Greater Cleveland Associated Foundation
- Founded: November 8, 1961
- Founder: Harold Clark, Dolph Norton, Kent Smith, Paul Ylvisaker
- Dissolved: 1971
- Location: Cleveland, Ohio, U.S.;
- Region served: Cuyahoga County, Ohio, U.S.
- Method: Grants, Funding

= Greater Cleveland Associated Foundation =

The Greater Cleveland Associated Foundation (GCAF, or the Associated Foundation) was a community foundation established in 1961 in Cleveland, Ohio, in the United States to assist other private and community foundations in and around Cleveland in establishing priorities and working to find solutions to pressing social needs. After its second round of funding, GCAF leaders merged the foundation with The Cleveland Foundation, an organization which GCAF had greatly influenced.

==Creating GCAF==

===Idea for a new foundation===
The Cleveland Foundation was far and away Cleveland's largest community foundation in the 1960s.
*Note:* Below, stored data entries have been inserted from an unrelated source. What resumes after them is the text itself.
(* Let $X$ be a regular Type I pseudocompact space and $Y$ any space. Then $X$ is countably compact, and $\mathsf{P}(X,Y)\Leftrightarrow\mathsf{P_{cpt}}(X,Y)$ for each $\mathsf{P}\in\{\mathsf{EC},\mathsf{S},\mathsf{L},\mathsf{BR}\}$.
   Context: All spaces are Hausdorff and maps continuous. A space is pseudocompact if every continuous real-valued function on it is bounded (no further separation axiom assumed). A space $X$ is of Type I if $X=\bigcup_{\alpha<\omega_1}X_\alpha$ with $X_\alpha$ open, $\overline{X_\alpha}\subset X_\beta$ for $\alpha<\beta$, $\overline{X_\alpha}$ Lindelöf, and $X\neq X_\alpha$ for all $\alpha$. For a non-Lindelöf space $X$ and a space $Y$, and for every continuous $f:X\to Y$: $\mathsf{EC}(X,Y)$ asks for a Lindelöf $Z\subset X$ with $f(X\setminus Z)$ a singleton; $\mathsf{S}(X,Y)$ asks for a Lindelöf $Z\subset X$ and a retraction $r:X\to Z$ with $f\circ r=f$; $\mathsf{L}(X,Y)$ asks for a Lindelöf $Z$ with $f(Z)=f(X)$; $\mathsf{BR}(X,Y)$ asks for a Lindelöf $Z$ with $f(X\setminus W)=f(X\setminus Z)$ for every Lindelöf $W\supseteq Z$. $\mathsf{P_{cpt}}$ is obtained from $\mathsf{P}$ by replacing every occurrence of "Lindelöf" by "compact" (including for $W$ in $\mathsf{BR}$). *)

theory Defs
  imports "HOL-Analysis.Analysis"
begin

definition countably_compact_space :: "'a topology \<Rightarrow> bool" where
  "countably_compact_space X \<longleftrightarrow>
     (\<forall>\<U>. countable \<U> \<and> (\<forall>U\<in>\<U>. openin X U) \<and> topspace X \<subseteq> \<Union>\<U>
        \<longrightarrow> (\<exists>\<F>\<subseteq>\<U>. finite \<F> \<and> topspace X \<subseteq> \<Union>\<F>))"

definition pseudocompact_space :: "'a topology \<Rightarrow> bool" where
  "pseudocompact_space X \<longleftrightarrow>
     (\<forall>f. continuous_map X euclideanreal f \<longrightarrow> bounded (f ` topspace X))"

abbreviation omega1 :: "nat set rel" where
  "omega1 \<equiv> cardSuc natLeq"

definition typeI_space :: "'a topology \<Rightarrow> bool" where
  "typeI_space X \<longleftrightarrow>
     (\<exists>U :: nat set \<Rightarrow> 'a set.
        topspace X = (\<Union>\<alpha>\<in>Field omega1. U \<alpha>) \<and>
        (\<forall>\<alpha>\<in>Field omega1. openin X (U \<alpha>)
            \<and> Lindelof_space (subtopology X (X closure_of (U \<alpha>)))
            \<and> U \<alpha> \<noteq> topspace X) \<and>
        (\<forall>\<alpha>\<in>Field omega1. \<forall>\<beta>\<in>Field omega1.
            (\<alpha>, \<beta>) \<in> omega1 \<and> \<alpha> \<noteq> \<beta> \<longrightarrow> X closure_of (U \<alpha>) \<subseteq> U \<beta>))"

definition lindelof_in :: "'a topology \<Rightarrow> 'a set \<Rightarrow> bool" where
  "lindelof_in X Z \<longleftrightarrow> Z \<subseteq> topspace X \<and> Lindelof_space (subtopology X Z)"

text \<open>The four properties, parametrised by the smallness notion Q
  (Q = lindelof_in gives P, Q = compactin gives P_cpt).\<close>
definition EC_prop :: "('a topology \<Rightarrow> 'a set \<Rightarrow> bool) \<Rightarrow> 'a topology \<Rightarrow> 'b topology \<Rightarrow> bool" where
  "EC_prop Q X Y \<longleftrightarrow> (\<forall>f. continuous_map X Y f \<longrightarrow>
     (\<exists>Z. Z \<subseteq> topspace X \<and> Q X Z \<and> (\<exists>y. f ` (topspace X - Z) = {y})))"

definition S_prop :: "('a topology \<Rightarrow> 'a set \<Rightarrow> bool) \<Rightarrow> 'a topology \<Rightarrow> 'b topology \<Rightarrow> bool" where
  "S_prop Q X Y \<longleftrightarrow> (\<forall>f. continuous_map X Y f \<longrightarrow>
     (\<exists>Z r. Z \<subseteq> topspace X \<and> Q X Z \<and>
        continuous_map X (subtopology X Z) r \<and> (\<forall>x\<in>Z. r x = x) \<and>
        (\<forall>x\<in>topspace X. f (r x) = f x)))"

definition L_prop :: "('a topology \<Rightarrow> 'a set \<Rightarrow> bool) \<Rightarrow> 'a topology \<Rightarrow> 'b topology \<Rightarrow> bool" where
  "L_prop Q X Y \<longleftrightarrow> (\<forall>f. continuous_map X Y f \<longrightarrow>
     (\<exists>Z. Z \<subseteq> topspace X \<and> Q X Z \<and> f ` Z = f ` topspace X))"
But many individuals felt that the organization had become staid and fusty. Among these were Kent Smith a chemical engineer and retired president of the Cleveland Graphite Oil Products Company (later renamed Lubrizol Corporation), and Harold Clark, a local Cleveland attorney who was executor of the estate of Leonard C. Hanna, Jr. (a partner and director of Hanna Mining). Clark had also spent most of the 1940s and 1950s on The Cleveland Foundation's Distribution Committee, which approved grants to local organizations. By 1960, Smith had become a member of the Distribution Committee.

Both men believed that The Cleveland Foundation's grantmaking was too routinized and not responsive to the changing needs of people in the area. They also believed the foundation had lost sight of its original goal: Producing cutting-edge research designed to spark progressive social change.
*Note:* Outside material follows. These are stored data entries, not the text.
(* Let $n\ge 2$ be an integer and let $Q_{4n}=\langle x,y : x^{2n}=1,\ x^n=y^2,\ yx=x^{-1}y\rangle$ be the generalized quaternion group of order $4n$. Let $\Gamma_{Q_{4n}}$ be its non-commuting graph. Then the spectrum of the distance matrix $D(\Gamma_{Q_{4n}})$ (eigenvalues counted with multiplicity, multiplicities being added if two of the listed values coincide) consists of: (a) $-2$ with multiplicity $3n-3$; (b) $0$ with multiplicity $n-1$; (c) $3(n-1)+\sqrt{5n^2-10n+9}$ and $3(n-1)-\sqrt{5n^2-10n+9}$, each with multiplicity $1$.
   Context: For a finite non-abelian group $G$ with centre $Z(G)$, the non-commuting graph $\Gamma_G$ is the simple undirected graph with vertex set $G\setminus Z(G)$, in which two distinct vertices $u,v$ are adjacent if and only if $uv\ne vu$. For a connected graph $H$, $d_{uv}$ denotes the length of a shortest path between vertices $u$ and $v$, and the distance matrix $D(H)$ is the matrix whose $(u,v)$-entry is $d_{uv}$. *)

theory Defs
  imports "HOL-Algebra.Generated_Groups" "Jordan_Normal_Form.Char_Poly"
begin

definition grp_center :: "('a, 'b) monoid_scheme \<Rightarrow> 'a set" where
  "grp_center G = {z \<in> carrier G. \<forall>g \<in> carrier G. z \<otimes>\<^bsub>G\<^esub> g = g \<otimes>\<^bsub>G\<^esub> z}"

definition nc_vertices :: "('a, 'b) monoid_scheme \<Rightarrow> 'a set" where
  "nc_vertices G = carrier G - grp_center G"

definition nc_adj :: "('a, 'b) monoid_scheme \<Rightarrow> 'a \<Rightarrow> 'a \<Rightarrow> bool" where
  "nc_adj G u v \<longleftrightarrow> u \<in> nc_vertices G \<and> v \<in> nc_vertices G \<and> u \<noteq> v
     \<and> u \<otimes>\<^bsub>G\<^esub> v \<noteq> v \<otimes>\<^bsub>G\<^esub> u"

definition nc_walk :: "('a, 'b) monoid_scheme \<Rightarrow> 'a list \<Rightarrow> bool" where
  "nc_walk G p \<longleftrightarrow> p \<noteq> [] \<and> set p \<subseteq> nc_vertices G
     \<and> (\<forall>i. Suc i < length p \<longrightarrow> nc_adj G (p ! i) (p ! Suc i))"

text \<open>Distance d_uv: length of a shortest path (= shortest walk) from u to v.\<close>
definition nc_dist :: "('a, 'b) monoid_scheme \<Rightarrow> 'a \<Rightarrow> 'a \<Rightarrow> nat" where
  "nc_dist G u v = (LEAST k. \<exists>p. nc_walk G p \<and> hd p = u \<and> last p = v \<and> length p = Suc k)"

definition nc_dist_matrix :: "('a, 'b) monoid_scheme \<Rightarrow> 'a list \<Rightarrow> real mat" where
  "nc_dist_matrix G vs = mat (length vs) (length vs) (\<lambda>(i, j). real (nc_dist G (vs ! i) (vs ! j)))"

end

theory Submission
  imports Defs
begin

text \<open>The non-central elements of \<open>Q\<^sub>4\<^sub>n\<close> are the \<open>2n - 2\<close> powers \<open>x\<^sup>a\<close> with \<open>a \<noteq> 0, n\<close>,
  which commute with each other and with no \<open>x\<^sup>b y\<close>, and the \<open>2n\<close> elements \<open>x\<^sup>b y\<close>, each of which
  commutes only with \<open>x\<^sup>b\<^sup>+\<^sup>n y\<close>. So the non-commuting graph is the complete multipartite graph
  with one part of size \<open>p = 2n - 2\<close> and \<open>q = n\<close> parts of size two, and its distance matrix is
  \<open>J + B - 2I\<close>, where \<open>B\<close> is the all-ones matrix on each part. An explicit orthogonal eigenbasis
  diagonalises it: contrasts inside the big part and differences inside the pairs (eigenvalue \<open>-2\<close>),
  contrasts across the pairs that are constant on each pair (eigenvalue \<open>0\<close>), and two vectors
  constant on the big part and on its complement, whose eigenvalues are the roots of
  \<open>\<mu>\<^sup>2 - (2p + 2q - 2)\<mu> + 2pq - 4q\<close>.\<close>

section \<open>Diagonalisation by an orthogonal eigenbasis\<close>

lemma scalar_prod_self_pos_real:
  fixes v :: "real vec"
  assumes "v \<in> carrier_vec n" "v \<noteq> 0\<^sub>v n"
  shows "v \<bullet> v > 0"
  using conjugate_square_greater_0_vec[OF assms(1)] assms by simp

lemma det_ne_zero_if_orthogonal_cols:
  fixes S :: "real mat"
  assumes S: "S \<in> carrier_mat N N"
    and nonzero: "\<And>j. j < N \<Longrightarrow> col S j \<noteq> 0\<^sub>v N"
    and orth: "\<And>j k. j < N \<Longrightarrow> k < N \<Longrightarrow> j \<noteq> k \<Longrightarrow> col S j \<bullet> col S k = 0"
  shows "det S \<noteq> 0"
proof -
  define Gram where "Gram = transpose_mat S * S"
  have Gram: "Gram \<in> carrier_mat N N" using S by (simp add: Gram_def)
  have Gram_entry: "Gram $$ (j, k) = col S j \<bullet> col S k" if "j < N" "k < N" for j k
    using that S by (simp add: Gram_def)
  have "upper_triangular Gram"
    using Gram orth by (auto simp: upper_triangular_def Gram_entry)
  then have "det Gram = (\<Prod>j = 0..<N. col S j \<bullet> col S j)"
    using Gram by (simp add: det_upper_triangular prod_list_diag_prod Gram_entry)
  also have "\<dots> > 0"
    using S by (intro prod_pos) (simp add: scalar_prod_self_pos_real[OF col_carrier_vec nonzero])
  finally show "det S \<noteq> 0"
    using S by (auto simp: Gram_def det_mult[of _ N] det_transpose)
qed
Political scientist Paul N. Ylvisaker was head of the Public Affairs Program at the Ford Foundation. The program was committed to studying the problems of urban areas and financing pilot project to help solve them. In late 1960, Ylvisaker was in the process of finalizing a $1.25 million grant to the Kansas City Association of Trusts and Foundations (later renamed the Kansas City Community Foundation) to help that body revitalize its research and grant-making agenda. About the same time, Ylvisaker began talking to Harold Clark about how the Public Affairs Program might make a similarly sized grant to a Cleveland-area organization. Homer Wadsworth, head of the Kansas City foundation, urged Ylvisaker to make the grant, so that it would not appear as if the Ford Foundation were favoring Kansas City.
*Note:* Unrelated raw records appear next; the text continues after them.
lemma chain_one_third_le_hybrid_bound:
  assumes success: "chain_success P p n (2/3)" and cost: "chain_cost_le P p n C"
    and "n \<ge> 1" "p \<ge> 1" "\<theta> > 0"
  shows "1/3 \<le> real (p - 1) * (2 * ln (card {m::bool list. length m \<le> C}) / (n * \<theta>) + \<theta> / 4)"
proof -
  define \<delta> where "\<delta> = 2 * ln (card {m::bool list. length m \<le> C}) / (n * \<theta>) + \<theta> / 4"
  define H where "H k = hybrid_from P n (\<lambda>l. l \<le> k) (\<lambda>_. []) (\<lambda>_. 0) 0 (p - 1)" for k
  have input: "chain_input (Suc 0) n xs ts" and promise: "chain_case (Suc 0) xs ts b" for xs ts b
    by (simp_all add: chain_input_def chain_case_def)
  have "2/3 \<le> pmf (H (p - 1)) True"
    unfolding H_def using \<open>p \<ge> 1\<close>
    by (intro hybrid_from_promise_ge[OF success \<open>n \<ge> 1\<close> _ input promise]) auto
  moreover have "2/3 \<le> pmf (H 0) False"
    unfolding H_def using \<open>p \<ge> 1\<close>
    by (intro hybrid_from_promise_ge[OF success \<open>n \<ge> 1\<close> _ input promise]) auto
  moreover have "pmf (H (Suc k)) True - pmf (H k) True \<le> \<delta>" if "k < p - 1" for k
    unfolding H_def \<delta>_def using that
    by (intro hybrid_from_switch_diff_le[OF cost \<open>n \<ge> 1\<close> \<open>\<theta> > 0\<close>, of "Suc k"] input) auto
  hence "(\<Sum>k<p - 1. pmf (H (Suc k)) True - pmf (H k) True) \<le> (\<Sum>k<p - 1. \<delta>)"
    by (intro sum_mono) simp
  hence "pmf (H (p - 1)) True - pmf (H 0) True \<le> (p - 1) * \<delta>"
    by (simp add: sum_lessThan_telescope[of "\<lambda>k. pmf (H k) True"])
  ultimately show ?thesis
    unfolding \<delta>_def pmf_False_conv_True by linarith
qed

lemma ln_card_bool_lists_length_le: "ln (card {m::bool list. length m \<le> C}) \<le> 2 * C"
proof -
  have "card {m::bool list. length m \<le> C} = (\<Sum>i\<le>C. 2 ^ i)"
    using card_lists_length_le[of "UNIV :: bool set" C] by simp
  also have "\<dots> \<le> (4::nat) ^ C"
  proof (induction C)
    case (Suc C)
    have "(2::nat) ^ C \<le> 4 ^ C" by (simp add: power_mono)
    thus ?case using Suc.IH by simp
  qed simp
  finally have "real (card {m::bool list. length m \<le> C}) \<le> 4 ^ C"
    by (simp flip: of_nat_le_iff)
  moreover have "card {m::bool list. length m \<le> C} \<noteq> 0"
    using finite_lists_length_le[of "UNIV :: bool set" C]
    by (auto simp: card_eq_0_iff intro: exI[of _ "[]"])
  ultimately have "ln (card {m::bool list. length m \<le> C}) \<le> C * ln 4"
    by (simp add: ln_realpow[symmetric])
  also have "\<dots> \<le> real C * 2"
    using ln_2_less_1 ln_realpow[of 2 2] by (intro mult_left_mono) simp_all
  finally show ?thesis
    by simp
qed

theorem theorem11:
  fixes P :: chain_protocol and n p C :: nat
  assumes "n \<ge> 1" and "p \<ge> 2"
    and "chain_success P p n (2/3)"
    and "chain_cost_le P p n C"
  shows "real C \<ge> real n / (36 * real p ^ 2)"
proof (rule ccontr)
  let ?K = "card {m::bool list. length m \<le> C}"
  define \<theta> where "\<theta> = 2 / (3 * real p)"
  have p: "real p \<ge> 2" and n: "real n \<ge> 1" using assms(1,2) by simp_all
  assume "\<not> ?thesis"
  hence "36 * real p ^ 2 * C < n"
    using p by (simp add: field_simps)
  hence "3 * p * (2 * C) / n < 1 / (6 * p)"
    using p n by (simp add: field_simps power2_eq_square)
  moreover have "2 * ln ?K / (n * \<theta>) \<le> 3 * p * (2 * C) / n"
    using ln_card_bool_lists_length_le[of C] p n
    by (simp add: \<theta>_def field_simps)
  moreover have "\<theta> / 4 = 1 / (6 * p)" and "1 / (6 * p) + 1 / (6 * p) = 1 / (3 * real p)"
    by (simp_all add: \<theta>_def)
  ultimately have gap: "2 * ln ?K / (n * \<theta>) + \<theta> / 4 < 1 / (3 * p)"
    by linarith
  have "1/3 \<le> real (p - 1) * (2 * ln ?K / (n * \<theta>) + \<theta> / 4)"
    using assms p by (intro chain_one_third_le_hybrid_bound) (auto simp: \<theta>_def)
  also have "\<dots> < real (p - 1) * (1 / (3 * p))"
    using gap assms(2) by (intro mult_strict_left_mono) auto
  also have "\<dots> < 1/3"
    using p by (simp add: field_simps)
  finally have "(1::real) / 3 < 1 / 3" .
  thus False by simp
qed

end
To lead the new foundation, Ylvisaker recommended Dr. James Adolphus "Dolph" Norton, his college roommate at Harvard University and by 1961 a political scientist at Case Institute of Technology. In February 1961, Ylvisaker contacted T. Keith Glennan, president of Case, to ask him to temporarily release Norton from his teaching duties so he could lead the new foundation. Glennan agreed. Glennan and Ylvisaker also decided to have Kent Smith work with Norton on developing the proposal further.

===Norton's proposals===
On July 17, 1961, Norton met with The Cleveland Foundation's Distribution Committee to discuss his proposal for a new foundation. Clark convinced Thomas Patton, president of Republic Steel and chairman of the Cleveland Development Foundation, and Elmer Lindseth, president of the Cleveland Electric Illuminating Co. and a director of the Cleveland Development Foundation, to accompany Norton to underscore the importance the business community gave to his plans. The Distribution Committee agreed to give Norton $5,000 from The Cleveland Foundation's Leonard C. Hanna, Jr. Special Purpose Fund to allow him to write the proposal. By August 1, Norton had a draft proposal finished which proposed establishing a new program under The Cleveland Foundation. He had also won preliminary agreement from Clark that a major grant would be made to the new foundation by the Hanna estate. Norton and Lindseth both urged Kent Smith to become chairman of the board of the new organization.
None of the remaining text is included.